By Potter, Mary Ellen
Publication: The Tax Adviser
Date: Tuesday, March 1 1994

The Tax Reform Act of 1986 eliminated the individual income tax deduction for personal interest. However, the Code does not define the term "personal interest" other than by indicating that it is a residual category of interest expense; that is, if the interest expense is not allocated to a

specific category of expense, it is considered "personal." One such specific category of expense is interest allocable to a trade or business (Sec. 163(h)(2)(A)). Accordingly, interest paid on indebtedness incurred in carrying on a trade or business is not personal interest. However, under Temp. Regs. Sec. 1.163-9T(b)(2), the term "personal interest" includes interest on deficiencies of individual Federal, state or local income taxes, even if the underlying deficiency is related to carrying on a trade or business (such as a Schedule C). Two recent district court decisions considered the deductibility of deficiency interest relating to individual income tax returns. Both decisions may provide support for characterizing deficiency interest as allocable to a trade or business and therefore fully deductible.

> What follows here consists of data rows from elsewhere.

lemma Gfun_le_near_split_diagm:
  fixes K :: "'n::finite set" and B :: "real^'n^'n"
  assumes "card K = k" and "- s \<le> t" and B: "symmetric_mat B"
    and close: "\<And>i. i < CARD('n) \<Longrightarrow>
      \<bar>eigvals (diagm (\<lambda>i. if i \<in> K then - s else t) - B) ! i\<bar> < \<epsilon>"
  shows "Gfun B \<le> (real CARD('n) - real k) * arctan (t + \<epsilon>) - real k * arctan (s - \<epsilon>)"
proof -
  define a where "a = (\<lambda>i. if i \<in> K then - s else t)"
  define D where "D = diagm a - B"
  have D_ge: "- \<epsilon> * (norm x)\<^sup>2 \<le> x \<bullet> (D *v x)" for x
  proof (rule quadratic_form_ge_if_eigvals_ge)
    show "symmetric_mat D" by (simp add: D_def symmetric_mat_diff symmetric_mat_diagm B)
    show "- \<epsilon> \<le> eigvals D ! i" if "i < CARD('n)" for i
      using close[OF that] by (simp add: D_def a_def abs_less_iff)
  qed
  have B_form: "x \<bullet> (B *v x) = x \<bullet> (diagm a *v x) - x \<bullet> (D *v x)" for x
    by (simp add: D_def matrix_vector_mult_diff_rdistrib inner_diff_right)
  obtain U where U: "orthonormal_eigenbasis B U"
    using symmetric_mat_has_orthonormal_eigenbasis[OF B] .
  have "u \<bullet> (B *v u) \<le> t + \<epsilon>" if "u \<in> U" for u
  proof -
    have "u \<bullet> (diagm a *v u) \<le> t * (norm u)\<^sup>2"
      unfolding quadratic_form_diagm norm_square_vec sum_distrib_left
      using \<open>- s \<le> t\<close> by (intro sum_mono mult_right_mono) (auto simp: a_def)
    moreover have "norm u = 1" using U that by (simp add: orthonormal_eigenbasis_def)
    ultimately show ?thesis using B_form[of u] D_ge[of u] by simp
  qed
  moreover have "k \<le> card {u\<in>U. u \<bullet> (B *v u) \<le> \<epsilon> - s}"
  proof -
    define V where "V = {x :: real^'n. \<forall>i. i \<notin> K \<longrightarrow> x $ i = 0}"
    have V: "subspace V" by (auto simp: V_def subspace_def)
    have "dim V = k"
      using dim_substandard_cart[where 'a=real, of K] \<open>card K = k\<close> by (simp add: V_def dim_vec_eq)
    moreover have "x \<bullet> (B *v x) \<le> (\<epsilon> - s) * (norm x)\<^sup>2" if "x \<in> V" for x
    proof -
      have "x \<bullet> (diagm a *v x) = - s * (norm x)\<^sup>2"
        using that unfolding quadratic_form_diagm norm_square_vec sum_distrib_left
        by (intro sum.cong) (auto simp: V_def a_def)
      thus ?thesis using B_form[of x] D_ge[of x] by (simp add: algebra_simps)
    qed
    ultimately show ?thesis using dim_le_card_eigenvalues_le[OF B U V] by simp
  qed
  moreover have "\<epsilon> - s \<le> t + \<epsilon>" using \<open>- s \<le> t\<close> by simp
  ultimately have "Gfun B \<le> (real CARD('n) - real k) * arctan (t + \<epsilon>) + real k * arctan (\<epsilon> - s)"
    by (rule Gfun_le_if_eigenvalue_bounds[OF U])
  also have "arctan (\<epsilon> - s) = - arctan (s - \<epsilon>)"
    using arctan_minus[of "s - \<epsilon>"] by simp
  finally show ?thesis by simp
qed
(* Let $\mathcal A$ be the non-associative algebra whose atoms are $e,e',a,\breve a$, with identity $1'=e+e'$, $e,e'$ self-converse, $a$ and $\breve a$ converses of each other, and composition of atoms given by: $e;e=e$, $e;e'=0$, $e;a=a$, $e;\breve a=0$; $e';e=0$, $e';e'=e'$, $e';a=0$, $e';\breve a=\breve a$; $a;e=0$, $a;e'=a$, $a;a=a$, $a;\breve a=a+\breve a+e$; $\breve a;e=\breve a$, $\breve a;e'=0$, $\breve a;a=a+\breve a+e'$, $\breve a;\breve a=\breve a$ (extended to all elements by additivity; $\mathcal A$ is the complex algebra of this atom structure). Then $\mathcal A$ is a non-associative algebra which is not associative, has a feeble representation (e.g. over the base $\{0,1\}$ with $e\mapsto\{(0,0)\}$, $e'\mapsto\{(1,1)\}$, $a\mapsto\{(0,1)\}$, $\breve a\mapsto\{(1,0)\}$), but has no qualitative representation.
   Context: A non-associative algebra is an algebra $(A,0,1,+,-,1',\breve{\ },;)$ such that $(A,0,1,+,-)$ is a boolean algebra (with $x\cdot y=-(-x+-y)$, $x\le y\iff x+y=y$); $1';x=x=x;1'$, $\breve{\breve x}=x$, $(x;y)\breve{}=\breve y;\breve x$; $\breve 0=x;0=0$, $(x+y)\breve{}=\breve x+\breve y$, $x;(y+z)=x;y+x;z$; and the Peircean law: $x;y\cdot\breve z=0$ iff $y;z\cdot\breve x=0$. For a map $\phi:A\to\wp(D\times D)$ consider the conditions: $\phi$ injective, $0^\phi=\varnothing$, $1^\phi=D\times D$, $(1')^\phi=\{(x,x):x\in D\}$, $(a+b)^\phi=a^\phi\cup b^\phi$, $(-a)^\phi=(D\times D)\setminus a^\phi$, $(\breve a)^\phi=\{(y,x):(x,y)\in a^\phi\}$. Such $\phi$ is a feeble representation if also $(a;b)^\phi\supseteq a^\phi\circ b^\phi$ for all $a,b$, and a qualitative representation if also $c^\phi\supseteq a^\phi\circ b^\phi\iff c\ge a;b$ for all $a,b,c$ ($\circ$ is relational composition). *)

theory Defs
  imports Main
begin

record 'a na_struct =
  nzero :: 'a
  none :: 'a
  nplus :: "'a \<Rightarrow> 'a \<Rightarrow> 'a"
  nminus :: "'a \<Rightarrow> 'a"
  nid :: 'a
  nconv :: "'a \<Rightarrow> 'a"
  ncomp :: "'a \<Rightarrow> 'a \<Rightarrow> 'a"

definition nmeet :: "('a, 'b) na_struct_scheme \<Rightarrow> 'a \<Rightarrow> 'a \<Rightarrow> 'a" where
  "nmeet S x y = nminus S (nplus S (nminus S x) (nminus S y))"

definition nle :: "('a, 'b) na_struct_scheme \<Rightarrow> 'a \<Rightarrow> 'a \<Rightarrow> bool" where
  "nle S x y \<longleftrightarrow> nplus S x y = y"

definition boolean_alg :: "('a, 'b) na_struct_scheme \<Rightarrow> bool" where
  "boolean_alg S \<longleftrightarrow>
     (\<forall>x y z. nplus S x (nplus S y z) = nplus S (nplus S x y) z) \<and>
     (\<forall>x y z. nmeet S x (nmeet S y z) = nmeet S (nmeet S x y) z) \<and>
     (\<forall>x y. nplus S x y = nplus S y x) \<and>
     (\<forall>x y. nmeet S x y = nmeet S y x) \<and>
     (\<forall>x y. nplus S x (nmeet S x y) = x) \<and>
     (\<forall>x y. nmeet S x (nplus S x y) = x) \<and>
     (\<forall>x y z. nmeet S x (nplus S y z) = nplus S (nmeet S x y) (nmeet S x z)) \<and>
     (\<forall>x. nplus S x (nzero S) = x) \<and>
     (\<forall>x. nmeet S x (none S) = x) \<and>
     (\<forall>x. nplus S x (nminus S x) = none S) \<and>
     (\<forall>x. nmeet S x (nminus S x) = nzero S)"

definition na_algebra :: "('a, 'b) na_struct_scheme \<Rightarrow> bool" where
  "na_algebra S \<longleftrightarrow> boolean_alg S \<and>
     (\<forall>x. ncomp S (nid S) x = x \<and> ncomp S x (nid S) = x) \<and>
     (\<forall>x. nconv S (nconv S x) = x) \<and>
     (\<forall>x y. nconv S (ncomp S x y) = ncomp S (nconv S y) (nconv S x)) \<and>
     nconv S (nzero S) = nzero S \<and>
     (\<forall>x. ncomp S x (nzero S) = nzero S) \<and>
     (\<forall>x y. nconv S (nplus S x y) = nplus S (nconv S x) (nconv S y)) \<and>
     (\<forall>x y z. ncomp S x (nplus S y z) = nplus S (ncomp S x y) (ncomp S x z)) \<and>
     (\<forall>x y z. nmeet S (ncomp S x y) (nconv S z) = nzero S \<longleftrightarrow>
              nmeet S (ncomp S y z) (nconv S x) = nzero S)"

definition na_associative :: "('a, 'b) na_struct_scheme \<Rightarrow> bool" where
  "na_associative S \<longleftrightarrow> (\<forall>x y z. ncomp S x (ncomp S y z) = ncomp S (ncomp S x y) z)"

definition proper_map :: "('a, 'b) na_struct_scheme \<Rightarrow> 'c set \<Rightarrow> ('a \<Rightarrow> ('c \<times> 'c) set) \<Rightarrow> bool" where
  "proper_map S D \<phi> \<longleftrightarrow>
     inj \<phi> \<and>
     \<phi> (nzero S) = {} \<and>
     \<phi> (none S) = D \<times> D \<and>
     \<phi> (nid S) = {(x, x) | x. x \<in> D} \<and>
     (\<forall>a b. \<phi> (nplus S a b) = \<phi> a \<union> \<phi> b) \<and>
     (\<forall>a. \<phi> (nminus S a) = (D \<times> D) - \<phi> a) \<and>
     (\<forall>a. \<phi> (nconv S a) = {(y, x). (x, y) \<in> \<phi> a})"
(* Let $\Omega\in\mathcal{M}_{n,1}$ with encoded table $(k;a_1,\dots,a_n;b,\beta)$. There is a unique $\overline{\Omega}\in\mathcal{M}_{n,1}$ such that, with $\rho(x,y)=(y-1-x,y)$: the set of junctions of $\overline{\Omega}$ is the image under $\rho$ of the set of junctions of $\Omega$, the start vertex of the $S$-step of $\overline{\Omega}$ is the image under $\rho$ of the start vertex of the $S$-step of $\Omega$, and the end vertex of the $N$-step of $\overline{\Omega}$ is the image under $\rho$ of the end vertex of the $N$-step of $\Omega$. The table $(k;\overline{a}_1,\dots,\overline{a}_n;\overline{b},\overline{\beta})$ encoded by $\overline{\Omega}$ (with the same $k$) is given by $\overline{a}_i=i-1-a_i$ for $i\ne k-1$, $\overline{a}_{k-1}=k-2-a_k-b$, $\overline{b}=a_k-1-a_{k-1}$, $\overline{\beta}=a_k+b-a_{k-1}-\beta-1$.
   Context: Mixed configurations: let $\mathcal{G}_n=\{(x,y)\in\mathbb{Z}^2: 0\le x<y\le n\}$. Steps are $E=(1,0)$, $F=(1,0)$ (a distinct letter from $E$ with the same displacement), $S=(0,-1)$, $N=(1,1)$. A mixed path is a lattice path all of whose vertices lie in $\mathcal{G}_n$, given as a word $LR$ where the Left part $L$ is a word in $\{S,E\}$ and the Right part $R$ is a word in $\{F,N\}$; the vertex where $L$ ends and $R$ begins is the junction. An order-$n$ mixed configuration is a sequence $(\omega_1,\dots,\omega_n)$ of mixed paths such that for some permutation $\sigma$ of $\{1,\dots,n\}$, $\omega_i$ starts at $(0,i)$ and ends at $(\sigma(i)-1,\sigma(i))$, the Left parts are pairwise vertex-disjoint, and the Right parts are pairwise vertex-disjoint. $\mathcal{M}_{n,s}$ is the set of order-$n$ mixed configurations containing exactly $s$ $N$-steps in total (an element of $\mathcal{M}_{n,1}$ then has exactly one $S$-step as well). Every $\Omega=(\omega_1,\dots,\omega_n)\in\mathcal{M}_{n,1}$ can be written uniquely in the form $\omega_i=E^{a_i}F^{i-1-a_i}$ for $i\notin\{k-1,k\}$, $\omega_{k-1}=E^{a_{k-1}}F^{\beta}NF^{k-2-a_{k-1}-\beta}$, $\omega_k=E^{a_k}SE^{b}F^{k-2-a_k-b}$, for non-negative integers $k,a_1,\dots,a_n,b,\beta$ (exponents denote repetition of steps); the sequence $(k;a_1,\dots,a_n;b,\beta)$ is called the table encoded by $\Omega$. *)

theory Defs
  imports Main
begin

datatype step = E | F | S | N

type_synonym point = "int \<times> int"

fun disp :: "step \<Rightarrow> point" where
  "disp E = (1, 0)"
| "disp F = (1, 0)"
| "disp S = (0, -1)"
| "disp N = (1, 1)"

fun verts :: "point \<Rightarrow> step list \<Rightarrow> point list" where
  "verts p [] = [p]"
| "verts p (s # w) = p # verts (fst p + fst (disp s), snd p + snd (disp s)) w"

definition endpt :: "point \<Rightarrow> step list \<Rightarrow> point" where
  "endpt p w = last (verts p w)"

definition in_G :: "nat \<Rightarrow> point \<Rightarrow> bool" where
  "in_G n v \<longleftrightarrow> 0 \<le> fst v \<and> fst v < snd v \<and> snd v \<le> int n"

definition mixed_word :: "step list \<Rightarrow> bool" where
  "mixed_word w \<longleftrightarrow> (\<exists>L R. w = L @ R \<and> set L \<subseteq> {S, E} \<and> set R \<subseteq> {F, N})"

definition leftpart :: "step list \<Rightarrow> step list" where
  "leftpart w = takeWhile (\<lambda>s. s = S \<or> s = E) w"

definition rightpart :: "step list \<Rightarrow> step list" where
  "rightpart w = dropWhile (\<lambda>s. s = S \<or> s = E) w"

(* the i-th path (1-based) of a configuration given as list of words; it starts at (0,i) *)
definition path :: "step list list \<Rightarrow> nat \<Rightarrow> step list" where
  "path \<Omega> i = \<Omega> ! (i - 1)"

definition start :: "nat \<Rightarrow> point" where
  "start i = (0, int i)"

definition junction :: "nat \<Rightarrow> step list \<Rightarrow> point" where
  "junction i w = endpt (start i) (leftpart w)"

definition left_verts :: "nat \<Rightarrow> step list \<Rightarrow> point set" where
  "left_verts i w = set (verts (start i) (leftpart w))"

definition right_verts :: "nat \<Rightarrow> step list \<Rightarrow> point set" where
  "right_verts i w = set (verts (junction i w) (rightpart w))"

definition count_step :: "step \<Rightarrow> step list \<Rightarrow> nat" where
  "count_step s w = length (filter (\<lambda>x. x = s) w)"

definition mixed_config :: "nat \<Rightarrow> step list list \<Rightarrow> bool" where
  "mixed_config n \<Omega> \<longleftrightarrow>
     length \<Omega> = n \<and>
     (\<forall>i\<in>{1..n}. mixed_word (path \<Omega> i) \<and>
                  (\<forall>v\<in>set (verts (start i) (path \<Omega> i)). in_G n v)) \<and>
     (\<exists>\<sigma>. bij_betw \<sigma> {1..n} {1..n} \<and>
          (\<forall>i\<in>{1..n}. endpt (start i) (path \<Omega> i) = (int (\<sigma> i) - 1, int (\<sigma> i)))) \<and>
     (\<forall>i\<in>{1..n}. \<forall>j\<in>{1..n}. i \<noteq> j \<longrightarrow>
        left_verts i (path \<Omega> i) \<inter> left_verts j (path \<Omega> j) = {} \<and>
        right_verts i (path \<Omega> i) \<inter> right_verts j (path \<Omega> j) = {})"

definition M :: "nat \<Rightarrow> nat \<Rightarrow> step list list set" where
  "M n s = {\<Omega>. mixed_config n \<Omega> \<and> (\<Sum>i=1..n. count_step N (path \<Omega> i)) = s}"

definition junctions :: "nat \<Rightarrow> step list list \<Rightarrow> point set" where
  "junctions n \<Omega> = {junction i (path \<Omega> i) | i. i \<in> {1..n}}"

(* start vertices of S-steps (a singleton for elements of M n 1) *)
definition S_starts :: "nat \<Rightarrow> step list list \<Rightarrow> point set" where
  "S_starts n \<Omega> = {verts (start i) (path \<Omega> i) ! p | i p.
       i \<in> {1..n} \<and> p < length (path \<Omega> i) \<and> path \<Omega> i ! p = S}"

(* end vertices of N-steps (a singleton for elements of M n 1) *)
definition N_ends :: "nat \<Rightarrow> step list list \<Rightarrow> point set" where
  "N_ends n \<Omega> = {verts (start i) (path \<Omega> i) ! (p + 1) | i p.
       i \<in> {1..n} \<and> p < length (path \<Omega> i) \<and> path \<Omega> i ! p = N}"

definition rho :: "point \<Rightarrow> point" where
  "rho v = (snd v - 1 - fst v, snd v)"

definition rep :: "int \<Rightarrow> step \<Rightarrow> step list" where
  "rep m s = replicate (nat m) s"

definition encodes :: "nat \<Rightarrow> step list list \<Rightarrow> nat \<Rightarrow> (nat \<Rightarrow> int) \<Rightarrow> int \<Rightarrow> int \<Rightarrow> bool" where
  "encodes n \<Omega> k a b \<beta> \<longleftrightarrow>
     length \<Omega> = n \<and> 2 \<le> k \<and> k \<le> n \<and> 0 \<le> b \<and> 0 \<le> \<beta> \<and>
     (\<forall>i\<in>{1..n}. 0 \<le> a i) \<and>
     (\<forall>i\<in>{1..n}. i \<noteq> k - 1 \<and> i \<noteq> k \<longrightarrow>
        int i - 1 - a i \<ge> 0 \<and> path \<Omega> i = rep (a i) E @ rep (int i - 1 - a i) F) \<and>
     int k - 2 - a (k - 1) - \<beta> \<ge> 0 \<and>
     path \<Omega> (k - 1) = rep (a (k - 1)) E @ rep \<beta> F @ [N] @ rep (int k - 2 - a (k - 1) - \<beta>) F \<and>
     int k - 2 - a k - b \<ge> 0 \<and>
     path \<Omega> k = rep (a k) E @ [S] @ rep b E @ rep (int k - 2 - a k - b) F"

end

theory Submission
  imports Defs "HOL-Combinatorics.Transposition"
begin

(* Every configuration in M n 1 is the configuration of its table: path i is the horizontal run
   E^(a i) F^(i - 1 - a i) on row i, except that path k steps down to row k - 1 after a k steps
   and path k - 1 steps up to row k after a (k - 1) + beta steps.  Conversely a table gives a
   configuration in M n 1 exactly when the left parts of paths k - 1 and k, and their right parts
   on row k - 1, do not overlap: a (k - 1) < a k and a (k - 1) + beta < a k + b.  The junctions,
   the start of the S-step and the end of the N-step (the marks) determine the table.  The dual
   table of the statement again satisfies both inequalities, and its marks are the rho-images of
   those of Omega, rho exchanging the two junctions on row k - 1; so its configuration is the
   required one, and it is unique. *)

section \<open>Lattice paths\<close>

lemma verts_not_Nil: "verts p w \<noteq> []"
  by (cases w) auto

lemma endpt_Nil [simp]: "endpt p [] = p"
  by (simp add: endpt_def)

lemma endpt_Cons [simp]:
  "endpt p (s # w) = endpt (fst p + fst (disp s), snd p + snd (disp s)) w"
  by (simp add: endpt_def verts_not_Nil)

lemma start_mem_verts: "p \<in> set (verts p w)"
  by (cases w) auto

lemma endpt_mem_verts: "endpt p w \<in> set (verts p w)"
  by (simp add: endpt_def verts_not_Nil)

lemma set_verts_append: "set (verts p (u @ v)) = set (verts p u) \<union> set (verts (endpt p u) v)"
  by (induction u arbitrary: p) (auto simp: start_mem_verts)

lemma nth_verts_append: "verts p (u @ v) ! length u = endpt p u"
proof (induction u arbitrary: p)
  case Nil
  then show ?case by (cases v) auto
qed simp

lemma count_step_Nil [simp]: "count_step s [] = 0"
  and count_step_Cons [simp]: "count_step s (x # w) = (if x = s then 1 else 0) + count_step s w"
  and count_step_append [simp]: "count_step s (u @ w) = count_step s u + count_step s w"
  and count_step_replicate [simp]: "count_step s (replicate m x) = (if x = s then m else 0)"
  by (simp_all add: count_step_def)

lemma count_step_eq_0_iff: "count_step s w = 0 \<longleftrightarrow> s \<notin> set w"
  by (auto simp: count_step_def filter_empty_conv)

lemma endpt_eq:
  "endpt p w = (fst p + int (length w) - int (count_step S w),
                snd p + int (count_step N w) - int (count_step S w))"
proof (induction w arbitrary: p)
  case (Cons s w)
  then show ?case by (cases s) auto
qed simp

lemma set_verts_eq_left_right_verts:
  "set (verts (start i) w) = left_verts i w \<union> right_verts i w"
proof -
  have "w = leftpart w @ rightpart w"
    by (simp add: leftpart_def rightpart_def)
  then have "set (verts (start i) w) = set (verts (start i) (leftpart w @ rightpart w))"
    by simp
  then show ?thesis
    by (simp add: set_verts_append left_verts_def right_verts_def junction_def)
qed

lemma junction_mem_left_verts: "junction i w \<in> left_verts i w"
  by (simp add: junction_def left_verts_def endpt_mem_verts)

lemma junction_mem_right_verts: "junction i w \<in> right_verts i w"
  by (simp add: right_verts_def start_mem_verts)
(* Let an FCA with state set $S$, neighborhood $m=l+1+r$, local rule $f$ and boundary type $b\in\{\text{null},\text{periodic}\}$ be given, and let $G$ be its reversibility graph. If $N$ is a negative vertex of $G$ with value $k\ge1$ and some circuit of length $r'$ passes through $N$, then for every integer $x\ge 0$ the FCA is not $(k+xr')$-cell-reversible.
   Context: A one-dimensional finite cellular automaton (FCA) is given by a state set $S=\{0,1,\dots,s-1\}$, integers $l,r\ge 0$ with neighborhood size $m=l+1+r\ge 2$, a local rule $f:S^m\to S$, and a boundary type $b\in\{\text{null},\text{periodic}\}$. For $n\ge 1$ the global map $\tau_n:S^n\to S^n$ sends $(x_0,\dots,x_{n-1})$ to $(y_0,\dots,y_{n-1})$ with $y_i=f(x_{i-l},\dots,x_{i+r})$, where for the null boundary $x_j=0$ whenever $j<0$ or $j>n-1$, and for the periodic boundary indices are taken modulo $n$. The FCA is $n$-cell-reversible if $\tau_n$ is a bijection (equivalently, since $S^n$ is finite, surjective). Reversibility graph (RG). Null boundary: vertices are subsets of $S^{m-1}$; the root is $N_0=\{(a_1,\dots,a_{m-1})\in S^{m-1}: a_1=\dots=a_l=0\}$; the acceptance set is $R=\{(a_1,\dots,a_{m-1})\in S^{m-1}: a_{m-r}=\dots=a_{m-1}=0\}$ (so $R=S^{m-1}$ if $r=0$); for a subset $N$ and $c\in S$, $\delta(N,c)=\{(a_1,\dots,a_{m-1})\in S^{m-1}:\exists a_0\in S,\ (a_0,\dots,a_{m-2})\in N,\ f(a_0,a_1,\dots,a_{m-1})=c\}$. Periodic boundary: vertices are subsets of $S^{m-1}\times S^{m-1}$; the root and the acceptance set are $N_0=R=\{(a,a):a\in S^{m-1}\}$; $\delta(N,c)=\{((a_1,\dots,a_{m-1}),(b_1,\dots,b_{m-1})):\exists b_0\in S,\ ((a_1,\dots,a_{m-1}),(b_0,\dots,b_{m-2}))\in N,\ f(b_0,\dots,b_{m-1})=c\}$. In both cases the RG is the directed graph whose vertex set consists of all subsets obtainable from $N_0$ by repeatedly applying $\delta$ (including $N_0$; equal subsets are the same vertex; the empty set may occur), with, for each vertex $N$ and each $c\in S$, an edge labelled $c$ from $N$ to $\delta(N,c)$. The value of a vertex $N$ is the length of a shortest directed path from $N_0$ to $N$. A vertex $N$ is negative if $N\cap R=\emptyset$. A circuit is an elementary directed cycle of the RG (a closed directed path with no repeated vertex other than its start = end; a loop is a circuit of length $1$); its length is its number of edges, and it passes through $N$ if $N$ is one of its vertices. *)

theory Defs
  imports Main
begin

In True, DC Wyo., 1993, the taxpayers owned, and were active participants in, several partnerships and S corporations. In 1986, the Trues were contesting proposed Federal income tax adjustments for years as far back as 1971. As a result of the elimination of the deduction for personal interest, and in accordance with an IRS announcement suggesting that taxpayers remit contested deficiencies and interest to obtain a full tax deduction, the Trues paid the taxes and interest relating to their individual income tax returns. Since the deficiencies resulted from their partnership and S corporation businesses, the Trues deducted the interest on their 1986 Schedule E, Part II, Income or Loss from Partnerships, S Corporations, Estates or Trusts. The Service disallowed the interest payments, treating the businesses as investments and the related deduction as investment expense deductible only to the extent of investment income.

The district court agreed with the IRS's treatment, holding that the interest payments on the alleged tax deficiencies could not be taken as business expenses by the Trues in their individual capacities, because the interest was not paid or incurred in connection with a trade or business carried on by the Trues as individuals. The court further held that they could not deduct the interest payments because they were under no obligation to pay taxes or interest on tax deficiencies.